• _Saved data entries_:
lemma root_approx_poly_root_near_one:
  fixes F f :: "int poly" and k d :: nat
  assumes F: "F = [:-1, 1:] ^ k * f" and coeffs: "\<And>i. \<bar>coeff F i\<bar> \<le> 1"
    and k: "9 \<le> k" and f1: "poly f 1 \<noteq> 0"
    and n: "9 \<le> degree F" and dn: "(degree F + 2) ^ 3 \<le> d\<^sup>2"
  shows "\<exists>t>0. t < 2 / real d ^ (k + 2) \<and> poly (map_poly of_int (root_approx_poly F d)) (1 - t) = 0"
proof -
  define P where "P = root_approx_poly F d"
  define N where "N = real (d * (degree F + 2))"
  define \<beta> where "\<beta> = coeff (pcompose f [:1, 1:]) 1"
  note real_bounds = real_bounds_of_cube_le_square[OF k n dn]
  have d: "degree F + 6 \<le> d" and d20: "20 \<le> d"
    using nat_bounds_of_cube_le_square(1)[OF k n dn] n by simp_all
  obtain W where TP: "pcompose P [:1, 1:] = monom 1 (k + 1) * W" and W0: "coeff W 0 = poly f 1"
    and W1: "coeff W 1 = poly f 1 * (int d ^ k * (int d - 1)\<^sup>2 + 2) + \<beta>"
    using taylor_shift_root_approx_poly[of d k f] d unfolding P_def \<beta>_def F by auto
  have "F \<noteq> 0"
    using f1 unfolding F by auto
  then have "degree P + 1 = d * (degree F + 2)"
    using degree_root_approx_poly[OF d] d unfolding P_def by simp
  then have coeffs_W: "real_of_int \<bar>coeff W i\<bar> * fact (k + 1 + i) \<le> 2 * N ^ (k + 2 + i)" for i
    using abs_coeff_pcompose_one_plus_X_le[OF abs_coeff_root_approx_poly_le[OF d coeffs], of "k + 1 + i"]
    unfolding N_def P_def[symmetric] TP by (simp add: coeff_monom_mult add.assoc)
  have "real_of_int \<bar>\<beta>\<bar> * (2 / real d ^ (k + 2))
      \<le> real (degree F + 1) ^ (k + 2) * (2 / real d ^ (k + 2))"
    using abs_coeff_1_pcompose_cofactor_le[OF F coeffs] unfolding \<beta>_def
    by (intro mult_right_mono) simp_all
  then have "real_of_int \<bar>\<beta>\<bar> * (2 / real d ^ (k + 2)) \<le> 1 / 50"
    using real_bounds(3) by simp
  moreover have "real_of_int (coeff W 1)
      = real_of_int (coeff W 0) * (real d ^ k * (real d - 1)\<^sup>2 + 2) + \<beta>"
    using W0 W1 by simp
  moreover have "0 < 2 / real d ^ (k + 2)"
    using d by simp
  ultimately obtain t where t: "0 < t" "t < 2 / real d ^ (k + 2)"
    and root: "poly (map_poly of_int W) (-t) = (0::real)"
    using int_poly_root_near_zero[OF k _ _ real_bounds(1,2) coeffs_W[unfolded N_def] _ _
        scaled_linear_coeff_ge[of "real d" k]] W0 f1 d20 by auto
  have "poly (map_poly of_int P) (1 - t) = poly (map_poly of_int (pcompose P [:1, 1:])) (-t :: real)"
    using poly_map_poly_of_int_shift[of P "-t"] by simp
  also have "\<dots> = 0"
    unfolding TP map_poly_of_int_mult using root by simp
  finally show ?thesis
    using t unfolding P_def by blast
qed

theorem lemma4p7:
  fixes F f :: "int poly" and k :: nat
  assumes coeffsF: "\<forall>i. coeff F i \<in> {-1, 0, 1}"
    and factor: "F = [:-1, 1:] ^ k * f"
    and k9: "k \<ge> 9"
    and f1: "poly f 1 \<noteq> 0"
  shows "\<forall>d::nat. d > 0 \<and> real d \<ge> (real (degree F) + 2) powr (3/2) \<longrightarrow>
    (\<exists>P :: int poly. degree P = d * (degree F + 2) - 1
        \<and> (\<forall>i. coeff P i \<in> {-2, -1, 0, 1, 2})
        \<and> (\<exists>\<alpha>::real. \<alpha> < 1 \<and> poly (map_poly of_int P) \<alpha> = 0
              \<and> \<bar>1 - \<alpha>\<bar> \<le> 2 * real d powr (- (real k + 2))))"
proof (intro allI impI)
  fix d :: nat
  assume "d > 0 \<and> real d \<ge> (real (degree F) + 2) powr (3/2)"
  then have "real (degree F + 2) powr (3 / 2) \<le> real d"
    unfolding of_nat_add of_nat_numeral by blast
  then have dn: "(degree F + 2) ^ 3 \<le> d\<^sup>2"
    by (rule cube_le_square_if_powr_le)
  have coeffs: "\<bar>coeff F i\<bar> \<le> 1" for i
    using coeffsF[rule_format, of i] by auto
  have "f \<noteq> 0"
    using f1 by auto
  then have F0: "F \<noteq> 0" and n: "9 \<le> degree F"
    using k9 unfolding factor by (simp_all add: degree_mult_eq degree_linear_power)
  have d: "degree F + 6 \<le> d"
    using nat_bounds_of_cube_le_square(1)[OF k9 n dn] by simp
  obtain t where t: "0 < t" "t < 2 / real d ^ (k + 2)"
    and root: "poly (map_poly of_int (root_approx_poly F d)) (1 - t) = (0::real)"
    using root_approx_poly_root_near_one[OF factor coeffs k9 f1 n dn] by blast
  have "real k + 2 = real (k + 2)" and "0 < real d"
    using d by simp_all
  then have "2 * real d powr (- (real k + 2)) = 2 / real d ^ (k + 2)"
    by (simp only: powr_minus_divide powr_realpow)
  moreover have "coeff (root_approx_poly F d) i \<in> {-2, -1, 0, 1, 2}" for i
    using abs_coeff_root_approx_poly_le[OF d coeffs, of i] by auto
  ultimately show "\<exists>P :: int poly. degree P = d * (degree F + 2) - 1
        \<and> (\<forall>i. coeff P i \<in> {-2, -1, 0, 1, 2})
        \<and> (\<exists>\<alpha>::real. \<alpha> < 1 \<and> poly (map_poly of_int P) \<alpha> = 0
              \<and> \<bar>1 - \<alpha>\<bar> \<le> 2 * real d powr (- (real k + 2)))"
    using degree_root_approx_poly[OF d F0] t root
    by (intro exI[of _ "root_approx_poly F d"] conjI exI[of _ "1 - t"]) auto
qed

end
lemma capacity_Ei_term_has_real_derivative:
  fixes a c x :: real
  assumes a: "a > 0" and c: "c > 0" "c \<noteq> 1" and x: "x \<ge> 0"
  shows "((\<lambda>x. exp (- (c * a / (c - 1))) / (c - 1) * Ei (c * a / (c - 1) - a * c / (x + c)))
      has_real_derivative exp (- (a * c / (x + c))) / ((1 + x) * (x + c))) (at x)"
proof -
  have xc: "x + c > 0"
    using c x by simp
  have w_eq: "c * a / (c - 1) - a * c / (x + c) = c * a * (x + 1) / ((c - 1) * (x + c))"
    using c xc by (simp add: field_simps)
  have w: "c * a / (c - 1) - a * c / (x + c) \<noteq> 0"
    unfolding w_eq using a c x xc by simp
  have dW: "((\<lambda>x. c * a / (c - 1) - a * c / (x + c)) has_real_derivative a * c / (x + c)\<^sup>2) (at x)"
    using xc by (auto intro!: derivative_eq_intros simp: power2_eq_square)
  define P where "P = exp (c * a / (c - 1))"
  define E where "E = exp (- (a * c / (x + c)))"
  have "P > 0"
    unfolding P_def by simp
  have "exp (c * a / (c - 1) - a * c / (x + c)) = P * E"
    unfolding P_def E_def by (simp flip: exp_add)
  moreover have "exp (- (c * a / (c - 1))) = 1 / P"
    unfolding P_def by (simp add: exp_minus divide_inverse)
  moreover have "1 / P / (c - 1) * (P * E / (c * a * (x + 1) / ((c - 1) * (x + c))) * (a * c / (x + c)\<^sup>2))
      = E / ((1 + x) * (x + c))"
    using a c x xc \<open>P > 0\<close> by (simp add: divide_simps; simp add: algebra_simps power2_eq_square)
  ultimately show ?thesis
    using DERIV_cmult[OF DERIV_chain2[OF Ei_has_real_derivative[OF w] dW], of "exp (- (c * a / (c - 1))) / (c - 1)"]
    by (simp add: w_eq E_def)
qed
lemma F0_profile_eigen_iff:
  assumes "l > 1"
  shows "adj_matrix_F0 t1 t2 *\<^sub>v F0_profile t1 t2 l a c = l \<cdot>\<^sub>v F0_profile t1 t2 l a c \<longleftrightarrow>
    l * a = 2 * real t1 * (a/(l-1)) + real t2 * ((a+c)/l) \<and> l * c = real t2 * ((a+c)/l)"
    (is "?eigen \<longleftrightarrow> ?center \<and> ?hub")
proof -
  let ?w = "F0_profile t1 t2 l a c"
  have center_entry: "?w $ 0 = a" and hub_entry: "?w $ (2*t1+1) = c"
    by (fact F0_profile_nth(1), fact F0_profile_nth(3))
  show ?thesis
  proof
    assume eigen: ?eigen
    have "(adj_matrix_F0 t1 t2 *\<^sub>v ?w) $ k = l * ?w $ k" if "k < F0_card t1 t2" for k
      unfolding eigen using that by simp
    from this[of 0] this[of "2*t1+1"] show "?center \<and> ?hub"
      unfolding mult_adj_matrix_F0_profile(1,2)[OF assms] hub_entry center_entry
      by (simp add: F0_card_def)
  next
    assume balance: "?center \<and> ?hub"
    show ?eigen
    proof (rule eq_vecI)
      fix k
      assume "k < dim_vec (l \<cdot>\<^sub>v ?w)"
      then have k: "k < F0_card t1 t2" by simp
      have "(adj_matrix_F0 t1 t2 *\<^sub>v ?w) $ k = l * ?w $ k"
      proof (cases "k = 0 \<or> k = 2*t1+1")
        case True
        then consider "k = 0" | "k = 2*t1+1" by blast
        then show ?thesis
        proof cases
          case 1
          show ?thesis
            using balance unfolding 1 mult_adj_matrix_F0_profile(1)[OF assms] center_entry by simp
        next
          case 2
          show ?thesis
            using balance unfolding 2 mult_adj_matrix_F0_profile(2)[OF assms] hub_entry by simp
        qed
      next
        case False
        then show ?thesis
          using mult_adj_matrix_F0_profile(3)[OF assms k] by simp
      qed
      with k show "(adj_matrix_F0 t1 t2 *\<^sub>v ?w) $ k = (l \<cdot>\<^sub>v ?w) $ k"
        by simp
    qed (simp add: adj_matrix_F0_def)
  qed
qed
lemma fluid_solution_empties:
  assumes "lam \<le> 1" "p \<le> 1" and fs: "fluid_solution lam p v0 v"
    and lip: "\<And>i. L-lipschitz_on {0..} (\<lambda>t. v t i)"
    and "0 \<le> a" "0 < \<delta>" "L * \<delta> \<le> p / 4" "1 \<le> i"
    and "v a (i - 1) \<le> p / 4" "v a i < p * \<delta> / 2"
  shows "v (a + \<delta>) i = 0"
proof -
  have cont: "continuous_on {a..a + \<delta>} (\<lambda>t. v t i)"
    by (rule continuous_on_subset[OF lipschitz_on_continuous_on[OF lip]]) (use \<open>0 \<le> a\<close> in auto)
  have "a \<le> a + \<delta>" using \<open>0 < \<delta>\<close> by simp
  obtain c where "a \<le> c" "c \<le> a + \<delta>" and vc: "c = a \<or> v c i = 0"
    and nonzero: "\<And>s. c < s \<Longrightarrow> s \<le> a + \<delta> \<Longrightarrow> v s i \<noteq> 0"
    by (rule continuous_on_last_zero[OF cont \<open>a \<le> a + \<delta>\<close>]) blast
  have busy: "0 < v s i \<and> v s (i - 1) \<le> p / 2" if "c < s" "s < a + \<delta>" for s
  proof
    have "0 \<le> v s i" using fluid_solution_nonneg[OF fs] \<open>0 \<le> a\<close> \<open>a \<le> c\<close> \<open>c < s\<close> by simp
    with nonzero that show "0 < v s i" by force
    have "0 \<le> L" using lip by (rule lipschitz_on_nonneg)
    have "v s (i - 1) - v a (i - 1) \<le> L * (s - a)"
      using lipschitz_onD[OF lip, of s a "i - 1"] \<open>0 \<le> a\<close> \<open>a \<le> c\<close> \<open>c < s\<close> by (simp add: dist_real_def)
    also have "\<dots> \<le> L * \<delta>" using \<open>0 \<le> L\<close> \<open>a \<le> c\<close> \<open>c < s\<close> \<open>s < a + \<delta>\<close> by (simp add: mult_left_mono)
    finally show "v s (i - 1) \<le> p / 2" using assms(7,9) by simp
  qed
  have "v (a + \<delta>) i + p / 2 * (a + \<delta>) \<le> v c i + p / 2 * c"
    using fluid_solution_decreases[OF assms(1,2) fs _ \<open>c \<le> a + \<delta>\<close> \<open>1 \<le> i\<close> busy] \<open>0 \<le> a\<close> \<open>a \<le> c\<close> by simp
  moreover have "p / 2 * (a + \<delta>) - p / 2 * c = p / 2 * (a + \<delta> - c)" by (simp add: algebra_simps)
  ultimately have drained: "v (a + \<delta>) i \<le> v c i - p / 2 * (a + \<delta> - c)" by linarith
  have "0 < p * \<delta>" using fluid_solution_nonneg[OF fs \<open>0 \<le> a\<close>, of i] assms(10) by simp
  then have "0 < p" using \<open>0 < \<delta>\<close> by (simp add: zero_less_mult_iff)
  have "v (a + \<delta>) i \<le> 0"
  proof (cases "c = a")
    case True
    then show ?thesis using drained assms(10) by simp
  next
    case False
    with vc have "v c i = 0" by simp
    moreover have "0 \<le> p / 2 * (a + \<delta> - c)" using \<open>0 < p\<close> \<open>c \<le> a + \<delta>\<close> by simp
    ultimately show ?thesis using drained by simp
  qed
  moreover have "0 \<le> v (a + \<delta>) i" using fluid_solution_nonneg[OF fs] \<open>0 \<le> a\<close> \<open>0 < \<delta>\<close> by simp
  ultimately show ?thesis by simp
qed
lemma (in product_prob_space) integrable_PiM_prod_subset:
  fixes g :: "'i \<Rightarrow> 'a \<Rightarrow> real"
  assumes "finite I" and "J \<subseteq> I" and "\<And>j. j \<in> J \<Longrightarrow> integrable (M j) (g j)"
  shows "integrable (PiM I M) (\<lambda>\<omega>. \<Prod>j\<in>J. g j (\<omega> j))"
proof -
  have "integrable (PiM I M) (\<lambda>\<omega>. \<Prod>i\<in>I. (if i \<in> J then g i else (\<lambda>_. 1)) (\<omega> i))"
    using assms by (intro product_integrable_prod) auto
  moreover have "(\<Prod>i\<in>I. (if i \<in> J then g i else (\<lambda>_. 1)) (\<omega> i)) = (\<Prod>j\<in>J. g j (\<omega> j))" for \<omega>
    using assms(1,2) by (intro prod.mono_neutral_cong_right) auto
  ultimately show ?thesis by simp
qed

lemma product_prob_space_gamma_measure:
  assumes "\<And>l. a l > 0" and "\<And>l. b l > 0"
  shows "product_prob_space (\<lambda>l. gamma_measure (a l) (b l))"
  unfolding product_prob_space_def product_prob_space_axioms_def product_sigma_finite_def
  using assms prob_space_gamma_measure prob_space_imp_sigma_finite by blast

lemma finite_latent_index:
  assumes "finite V" and "finite E"
  shows "finite (latent_index V E K)"
proof -
  have Theta_eq: "{Theta v k | v k. v \<in> V \<and> k \<in> {1..K}} = (\<lambda>(v, k). Theta v k) ` (V \<times> {1..K})"
    and Beta_eq: "{Beta e k | e k. e \<in> E \<and> k \<in> {1..K}} = (\<lambda>(e, k). Beta e k) ` (E \<times> {1..K})"
    by auto
  show ?thesis
    unfolding latent_index_def Theta_eq Beta_eq using assms by auto
qed

lemma q_meanfield_cong:
  assumes "\<And>l. l \<in> latent_index V E K \<Longrightarrow> a l = a' l \<and> b l = b' l"
  shows "q_meanfield V E K a b = q_meanfield V E K a' b'"
  unfolding q_meanfield_def using assms by (intro PiM_cong) auto

lemma monomial_pos_le_lam:
  fixes \<omega> :: "('v, 'e) latent \<Rightarrow> real"
  assumes pos: "\<forall>l\<in>latent_index V E K. \<omega> l > 0" and "K \<ge> 1" and "v \<in> V" and "e \<in> E"
  shows "0 < \<omega> (Alpha v) * \<omega> (Rho e) * \<omega> (Theta v 1) * \<omega> (Beta e 1)"
    and "\<omega> (Alpha v) * \<omega> (Rho e) * \<omega> (Theta v 1) * \<omega> (Beta e 1) \<le> lam K v e \<omega>"
proof -
  have in_index: "Alpha v \<in> latent_index V E K" "Rho e \<in> latent_index V E K"
    "\<And>k. k \<in> {1..K} \<Longrightarrow> Theta v k \<in> latent_index V E K \<and> Beta e k \<in> latent_index V E K"
    using assms(2-4) by (auto simp: latent_index_def)
  with pos \<open>K \<ge> 1\<close> show "0 < \<omega> (Alpha v) * \<omega> (Rho e) * \<omega> (Theta v 1) * \<omega> (Beta e 1)"
    by simp
  have "\<omega> (Theta v 1) * \<omega> (Beta e 1) \<le> (\<Sum>k = 1..K. \<omega> (Theta v k) * \<omega> (Beta e k))"
    using pos in_index \<open>K \<ge> 1\<close> by (intro member_le_sum) (auto intro: less_imp_le)
  with pos in_index show "\<omega> (Alpha v) * \<omega> (Rho e) * \<omega> (Theta v 1) * \<omega> (Beta e 1) \<le> lam K v e \<omega>"
    unfolding lam_def by (simp add: mult.assoc mult_left_mono)
qed

context
  fixes V :: "'v set" and E :: "'e set" and K :: nat and a b :: "('v, 'e) latent \<Rightarrow> real"
  assumes finite_V: "finite V" and finite_E: "finite E"
    and a_pos: "\<And>l. a l > 0" and b_pos: "\<And>l. b l > 0"
begin

interpretation product_prob_space "\<lambda>l. gamma_measure (a l) (b l)" "latent_index V E K"
  using a_pos b_pos by (rule product_prob_space_gamma_measure)

lemma prob_space_q_meanfield: "prob_space (q_meanfield V E K a b)"
  unfolding q_meanfield_def by (rule P.prob_space_axioms)

lemma integrable_q_meanfield_prod:
  fixes g :: "('v, 'e) latent \<Rightarrow> real \<Rightarrow> real"
  assumes "J \<subseteq> latent_index V E K" and "\<And>j. j \<in> J \<Longrightarrow> integrable (gamma_measure (a j) (b j)) (g j)"
  shows "integrable (q_meanfield V E K a b) (\<lambda>\<omega>. \<Prod>j\<in>J. g j (\<omega> j))"
  unfolding q_meanfield_def
  using finite_latent_index[OF finite_V finite_E] assms by (rule integrable_PiM_prod_subset)

lemma integrable_q_meanfield_coordinate:
  fixes g :: "real \<Rightarrow> real"
  assumes "l \<in> latent_index V E K" and "integrable (gamma_measure (a l) (b l)) g"
  shows "integrable (q_meanfield V E K a b) (\<lambda>\<omega>. g (\<omega> l))"
  using integrable_q_meanfield_prod[of "{l}" "\<lambda>_. g"] assms by simp

lemma borel_measurable_q_meanfield_coordinate:
  assumes "l \<in> latent_index V E K"
  shows "(\<lambda>\<omega>. \<omega> l) \<in> borel_measurable (q_meanfield V E K a b)"
  using integrable_q_meanfield_coordinate[OF assms integrable_gamma_measure_id[OF a_pos b_pos]] by simp

lemma AE_q_meanfield_pos: "AE \<omega> in q_meanfield V E K a b. \<forall>l\<in>latent_index V E K. \<omega> l > 0"
  unfolding q_meanfield_def
  by (intro AE_finite_allI finite_latent_index finite_V finite_E AE_component AE_gamma_measure_pos)

lemma lam_eq_sum_prod:
  fixes \<omega> :: "('v, 'e) latent \<Rightarrow> real"
  shows "lam K v e \<omega> = (\<Sum>k = 1..K. \<Prod>l\<in>{Alpha v, Rho e, Theta v k, Beta e k}. \<omega> l)"
  unfolding lam_def sum_distrib_left by (intro sum.cong) (auto simp: mult_ac)

lemma integrable_lam:
  assumes "v \<in> V" and "e \<in> E"
  shows "integrable (q_meanfield V E K a b) (lam K v e)"
  unfolding lam_eq_sum_prod using assms a_pos b_pos
  by (intro Bochner_Integration.integrable_sum integrable_q_meanfield_prod)
     (auto simp: latent_index_def integrable_gamma_measure_id)

lemma AE_lam_pos:
  assumes "K \<ge> 1" and "v \<in> V" and "e \<in> E"
  shows "AE \<omega> in q_meanfield V E K a b. lam K v e \<omega> > 0"
  using AE_q_meanfield_pos
  by (rule AE_mp) (use monomial_pos_le_lam[OF _ assms] in \<open>force intro!: AE_I2\<close>)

• _Assignment_: In exact wording, restate the lines of the data above from the first through the one holding "(degree F + 1)", and stop after that line.

• _Exercise solution_:
lemma root_approx_poly_root_near_one:
  fixes F f :: "int poly" and k d :: nat
  assumes F: "F = [:-1, 1:] ^ k * f" and coeffs: "\<And>i. \<bar>coeff F i\<bar> \<le> 1"
    and k: "9 \<le> k" and f1: "poly f 1 \<noteq> 0"
    and n: "9 \<le> degree F" and dn: "(degree F + 2) ^ 3 \<le> d\<^sup>2"
  shows "\<exists>t>0. t < 2 / real d ^ (k + 2) \<and> poly (map_poly of_int (root_approx_poly F d)) (1 - t) = 0"
proof -
  define P where "P = root_approx_poly F d"
  define N where "N = real (d * (degree F + 2))"
  define \<beta> where "\<beta> = coeff (pcompose f [:1, 1:]) 1"
  note real_bounds = real_bounds_of_cube_le_square[OF k n dn]
  have d: "degree F + 6 \<le> d" and d20: "20 \<le> d"
    using nat_bounds_of_cube_le_square(1)[OF k n dn] n by simp_all
  obtain W where TP: "pcompose P [:1, 1:] = monom 1 (k + 1) * W" and W0: "coeff W 0 = poly f 1"
    and W1: "coeff W 1 = poly f 1 * (int d ^ k * (int d - 1)\<^sup>2 + 2) + \<beta>"
    using taylor_shift_root_approx_poly[of d k f] d unfolding P_def \<beta>_def F by auto
  have "F \<noteq> 0"
    using f1 unfolding F by auto
  then have "degree P + 1 = d * (degree F + 2)"
    using degree_root_approx_poly[OF d] d unfolding P_def by simp
  then have coeffs_W: "real_of_int \<bar>coeff W i\<bar> * fact (k + 1 + i) \<le> 2 * N ^ (k + 2 + i)" for i
    using abs_coeff_pcompose_one_plus_X_le[OF abs_coeff_root_approx_poly_le[OF d coeffs], of "k + 1 + i"]
    unfolding N_def P_def[symmetric] TP by (simp add: coeff_monom_mult add.assoc)
  have "real_of_int \<bar>\<beta>\<bar> * (2 / real d ^ (k + 2))
      \<le> real (degree F + 1) ^ (k + 2) * (2 / real d ^ (k + 2))"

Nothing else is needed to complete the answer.